2. Heap Solution (Efficient for Larger Lists with Small `k`)

A more efficient approach for larger inputs is to use a min-heap:

Steps: After creating a frequency dictionary, we use a min-heap to keep track of the k most frequent elements. For each element and its frequency, we push it into the heap. If the heap size exceeds k, we remove the element with the smallest frequency, ensuring that only the k most frequent elements remain.
Time Complexity: O(n log k), where we add n elements to a heap of size k.
Space Complexity: O(n) for the dictionary and O(k) for the heap.
Pros:
- Efficient for large inputs where k is small relative to n.
- Uses less space by storing only k elements in the heap.
Cons:
- More complex to implement due to heap operations.

3. Bucket Sort Solution (Optimal for Frequency-Based Grouping)

An even more efficient approach in terms of time complexity is bucket sort:

Steps: After building the frequency dictionary, we create an array of buckets where each index represents a frequency count. Each bucket stores elements that appear that many times. Finally, we collect the top k elements by iterating through the buckets from highest to lowest frequency.
Time Complexity: O(n), as we only count elements and place them into frequency-based buckets.
Space Complexity: O(n) for the dictionary and buckets.
Pros:
- Highly efficient for large inputs and avoids sorting or heap maintenance.
- Works well for situations where k is close to n.
Cons:
- Bucket sort can be less intuitive to implement, and requires extra space for the buckets.

4. Quickselect Solution (Optimal for Top-k Selection)

Another highly efficient solution, especially for very large lists, is Quickselect:

Steps: Quickselect is a partition-based algorithm similar to quicksort. After building the frequency dictionary, we convert it into a list of (element, frequency) pairs and use Quickselect to partially sort the list such that the k most frequent elements are positioned in the first k spots. We partition the list until the k-th most frequent element is in the correct position, and return the first k elements.
Time Complexity: O(n) on average, as Quickselect only partially sorts the list to find the top k elements.
Space Complexity: O(n) for the dictionary and list.
Pros:
- Very efficient with an average-case complexity of O(n), especially for very large lists.
- Avoids sorting the entire list, which makes it faster than the sorting approach.
Cons:
- The worst-case complexity is O(n^2), though using random pivot selection helps mitigate this risk.
- Quickselect is more complex to implement and understand compared to other solutions.

Summary:

Sorting: Simple but less efficient for large inputs, with O(n log n) complexity.
Heap: Ideal for large lists when k is much smaller than n, with O(n log k) complexity.
Bucket Sort: Optimized for large lists and frequency-based grouping, with O(n) complexity, though it requires additional space.
Quickselect: Offers the best average-case efficiency with O(n) time complexity, ideal for very large lists and when k is close to n.

Each solution has its trade-offs, so I’d choose the approach based on input size and constraints.

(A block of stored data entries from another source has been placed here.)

lemma task_duration_le_objective:
  assumes feasible: "feasible n m r MT RT v \<beta> E st s" and ij: "(i, j) \<in> MT \<union> RT"
  shows "w j * (v i j / s i j) \<le> objective n w MT RT v st s"
proof -
  have speed_pos: "\<And>a b. (a, b) \<in> MT \<union> RT \<Longrightarrow> s a b > 0"
    and start_ge: "\<And>a b. (a, b) \<in> MT \<union> RT \<Longrightarrow> r b \<le> st a b"
    using feasible unfolding feasible_def by auto
  have duration_le: "v a k / s a k \<le> job_completion MT RT v st s k"
    if "(a, k) \<in> MT \<union> RT" for a k
  proof -
    have "0 \<le> st a k"
      using release_nonneg[OF task_job_in_range[OF that]] start_ge[OF that] by linarith
    then show ?thesis
      using compl_le_job_completion[OF finite_tasks that, where v=v and st=st and s=s]
      unfolding compl_def by linarith
  qed
  have "0 \<le> job_completion MT RT v st s k" if k: "k \<in> {1..n}" for k
  proof -
    obtain a where a: "(a, k) \<in> MT \<union> RT" using job_has_map_task[OF k] by blast
    have "0 \<le> v a k" using work_nonneg a by auto
    then have "0 \<le> v a k / s a k" using speed_pos[OF a] by simp
    then show ?thesis using duration_le[OF a] by linarith
  qed
  then have "w j * job_completion MT RT v st s j \<le> objective n w MT RT v st s"
    unfolding objective_def using task_job_in_range[OF ij] weight_pos
    by (intro member_le_sum) (auto simp: less_imp_le)
  moreover have "w j * (v i j / s i j) \<le> w j * job_completion MT RT v st s j"
    using weight_pos[OF task_job_in_range[OF ij]]
    by (intro mult_left_mono[OF duration_le[OF ij]]) simp
  ultimately show ?thesis by linarith
qed

lemma optimal_objective_le_t_max:
  assumes "optimal n m w r MT RT v \<beta> E st s" and "(i, j) \<in> MT \<union> RT" "v i j > 0"
  shows "objective n w MT RT v st s \<le> Min (w ` {1..n}) * t_max n w r MT RT v \<beta> E"
proof -
  define T where "T = MT \<union> RT"
  define wmin where "wmin = Min (w ` {1..n})"
  define wmax where "wmax = Max (w ` {1..n})"
  define rmax where "rmax = Max (r ` {1..n})"
  define vmax where "vmax = Max ((\<lambda>(a, b). v a b) ` T)"
  define X where "X = (real (card T) * vmax powr \<beta> / E) powr (1 / (\<beta> - 1))"
  have j: "j \<in> {1..n}" using task_job_in_range[OF assms(2)] .
  have vmax_ge: "\<forall>(a, b)\<in>T. v a b \<le> vmax"
    unfolding vmax_def T_def using finite_tasks by (auto intro!: Max_ge)
  have "wmin > 0" unfolding wmin_def using weight_pos j by (subst Min_gr_iff) auto
  have "v i j \<le> vmax" using vmax_ge assms(2) unfolding T_def by blast
  then have "vmax > 0" using assms(3) by linarith
  have "card T > 0" using finite_tasks assms(2) card_gt_0_iff unfolding T_def by blast
  then have "X > 0" unfolding X_def using \<open>vmax > 0\<close> budget_pos by simp
  have "r j \<le> rmax" unfolding rmax_def using j by simp
  then have "rmax \<ge> 0" using release_nonneg[OF j] by linarith
  have durations: "\<forall>(a, b)\<in>T. v a b / (vmax / X) \<le> X"
    using vmax_ge \<open>vmax > 0\<close> \<open>X > 0\<close> by (auto simp: field_simps)
  have "energy \<beta> T v (\<lambda>_ _. vmax / X) \<le> real (card T) * vmax * (vmax / X) powr (\<beta> - 1)"
    using constant_speed_energy_le[OF vmax_ge] .
  also have "\<dots> = E"
    using budget_speed_energy_eq[OF _ \<open>vmax > 0\<close> budget_pos beta_gt_1 X_def] \<open>card T > 0\<close> by simp
  finally have "feasible n m r MT RT v \<beta> E (slot_start MT rmax X) (\<lambda>_ _. vmax / X)"
    using durations \<open>X > 0\<close> \<open>vmax > 0\<close> unfolding T_def rmax_def
    by (intro slot_schedule_feasible) auto
  then have "objective n w MT RT v st s \<le> objective n w MT RT v (slot_start MT rmax X) (\<lambda>_ _. vmax / X)"
    using assms(1) unfolding optimal_def by blast
  also have "\<dots> \<le> wmax * (real n * rmax + real n * (real n + 1) * X)"
    using durations \<open>rmax \<ge> 0\<close> \<open>X > 0\<close> unfolding T_def wmax_def
    by (intro slot_schedule_objective_le) auto
  also have "\<dots> = wmin * t_max n w r MT RT v \<beta> E"
    unfolding t_max_def Let_def using \<open>wmin > 0\<close>
    by (simp add: wmin_def wmax_def rmax_def vmax_def X_def T_def)
  finally show ?thesis unfolding wmin_def .
qed

end

theorem proposition2:
  fixes n m :: nat and w r :: "nat \<Rightarrow> real" and MT RT :: "(nat \<times> nat) set"
    and v st s :: "nat \<Rightarrow> nat \<Rightarrow> real" and \<beta> E :: real
  assumes "mr_instance n m w r MT RT v \<beta> E"
    and "optimal n m w r MT RT v \<beta> E st s"
    and "(i, j) \<in> MT \<union> RT" and "v i j > 0"
  shows "v i j / t_max n w r MT RT v \<beta> E \<le> s i j \<and>
         s i j \<le> (E / v i j) powr (1 / (\<beta> - 1))"
proof
  have feasible: "feasible n m r MT RT v \<beta> E st s"
    using assms(2) unfolding optimal_def by blast
  then have "s i j > 0" using assms(3) unfolding feasible_def by auto
  have j: "j \<in> {1..n}" using task_job_in_range[OF assms(1,3)] .
  have "Min (w ` {1..n}) * (v i j / s i j) \<le> w j * (v i j / s i j)"
    using j assms(4) \<open>s i j > 0\<close> by (intro mult_right_mono) auto
  also have "\<dots> \<le> objective n w MT RT v st s"
    using task_duration_le_objective[OF assms(1) feasible assms(3)] .
  also have "\<dots> \<le> Min (w ` {1..n}) * t_max n w r MT RT v \<beta> E"
    using optimal_objective_le_t_max[OF assms] .
  finally have bound: "v i j / s i j \<le> t_max n w r MT RT v \<beta> E"
    using weight_pos[OF assms(1)] j by (subst (asm) mult_le_cancel_left_pos) (auto simp: Min_gr_iff)
  have "v i j / s i j > 0" using assms(4) \<open>s i j > 0\<close> by simp
  with bound have "t_max n w r MT RT v \<beta> E > 0" by linarith
  with bound show "v i j / t_max n w r MT RT v \<beta> E \<le> s i j"
    using \<open>s i j > 0\<close> by (simp add: field_simps)
  show "s i j \<le> (E / v i j) powr (1 / (\<beta> - 1))"
    using speed_le_energy_root[of "MT \<union> RT" i j v s \<beta> E] finite_tasks[OF assms(1)] assms(3,4)
      work_nonneg[OF assms(1)] \<open>s i j > 0\<close> beta_gt_1[OF assms(1)] feasible
    unfolding feasible_def by blast
qed

end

For large lists with small k, the heap or Quickselect approach would be optimal, while for lists where k is close to n, bucket sort may be best."

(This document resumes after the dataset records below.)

lemma blk_proj_banded_vanish:
  assumes "blk_banded Z h" and far: "\<And>i j. i \<in> SR \<Longrightarrow> j \<in> SC \<Longrightarrow> h < blk_dist i j"
  shows "blk_proj SR (Z *v blk_proj SC x) = 0"
proof -
  have "(Z *v blk_proj SC x) $ p = 0" if "fst p \<in> SR" for p
  proof -
    have "Z $ p $ p' * blk_proj SC x $ p' = 0" for p'
      using blk_bandedD[OF assms(1)] far[OF that, of "fst p'"] by (auto simp: blk_proj_def)
    then show ?thesis unfolding matrix_vector_mult_def vec_lambda_beta by (simp add: sum.neutral)
  qed
  then show ?thesis by (auto simp: blk_proj_def vec_eq_iff)
qed

lemma blk_banded_0_iff_commute_blk_proj:
  "blk_banded X 0 \<longleftrightarrow> (\<forall>S x. X *v blk_proj S x = blk_proj S (X *v x))"
proof
  assume "blk_banded X 0"
  then have off_diag: "X $ p $ p' = 0" if "fst p \<noteq> fst p'" for p p'
    using blk_bandedD[OF \<open>blk_banded X 0\<close>] that by simp
  have termwise: "X $ p $ p' * (if fst p' \<in> S then x $ p' else 0)
      = (if fst p \<in> S then X $ p $ p' * x $ p' else 0)" for S x p and p' :: "'a \<times> 'b"
    using off_diag[of p p'] by (cases "fst p = fst p'") auto
  have "(X *v blk_proj S x) $ p = blk_proj S (X *v x) $ p" for S x p
    unfolding matrix_vector_mult_def blk_proj_def vec_lambda_beta termwise by simp
  then show "\<forall>S x. X *v blk_proj S x = blk_proj S (X *v x)"
    by (simp add: vec_eq_iff)
next
  assume commute: "\<forall>S x. X *v blk_proj S x = blk_proj S (X *v x)"
  show "blk_banded X 0" unfolding blk_banded_def
  proof (intro allI impI)
    fix p p' :: "'a \<times> 'b"
    assume "0 < blk_dist (fst p) (fst p')"
    then have "fst p \<noteq> fst p'" by simp
    define e :: "real^('a \<times> 'b)" where "e = (\<chi> r. if r = p' then 1 else 0)"
    have "X $ p $ p' = (X *v e) $ p" by (simp add: e_def matrix_vector_mult_def if_distrib cong: if_cong)
    also have "\<dots> = (X *v blk_proj {fst p'} e) $ p"
      by (rule arg_cong[where f = "\<lambda>y. (X *v y) $ p"]) (auto simp: e_def blk_proj_def vec_eq_iff)
    also have "\<dots> = 0"
      using commute[rule_format, of "{fst p'}" e] \<open>fst p \<noteq> fst p'\<close>
      by (simp add: blk_proj_def)
    finally show "X $ p $ p' = 0" .
  qed
qed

This script provides a structured breakdown of each solution, explaining when each approach is optimal based on the constraints, making it easy to decide the best solution.

Problem Statement Recap:
You are given a list of integers and an integer k. The goal is to return the k most frequent elements in the list.

1. Sorting Solution

Explanation:

Start by counting the frequency of each element in the list. We can use Python's Counter from the collections module to achieve this.
Once we have the frequency of each element, we convert the frequency dictionary into a list of tuples, where each tuple is (element, frequency).
Sort this list of tuples in descending order based on frequency.
Finally, select the first k elements from this sorted list.

Implementation:

from collections import Counter
from typing import List

def top_k_frequent_sort(nums: List[int], k: int) -> List[int]:
    # Step 1: Count frequencies
    freq_count = Counter(nums)
    # Step 2: Sort items by frequency in descending order
    sorted_items = sorted(freq_count.items(), key=lambda item: item[1], reverse=True)
    # Step 3: Extract the first k elements
    return [item[0] for item in sorted_items[:k]]

# Example usage
nums = [1, 1, 1, 2, 2, 3]
k = 2
print(top_k_frequent_sort(nums, k))  # Output: [1, 2]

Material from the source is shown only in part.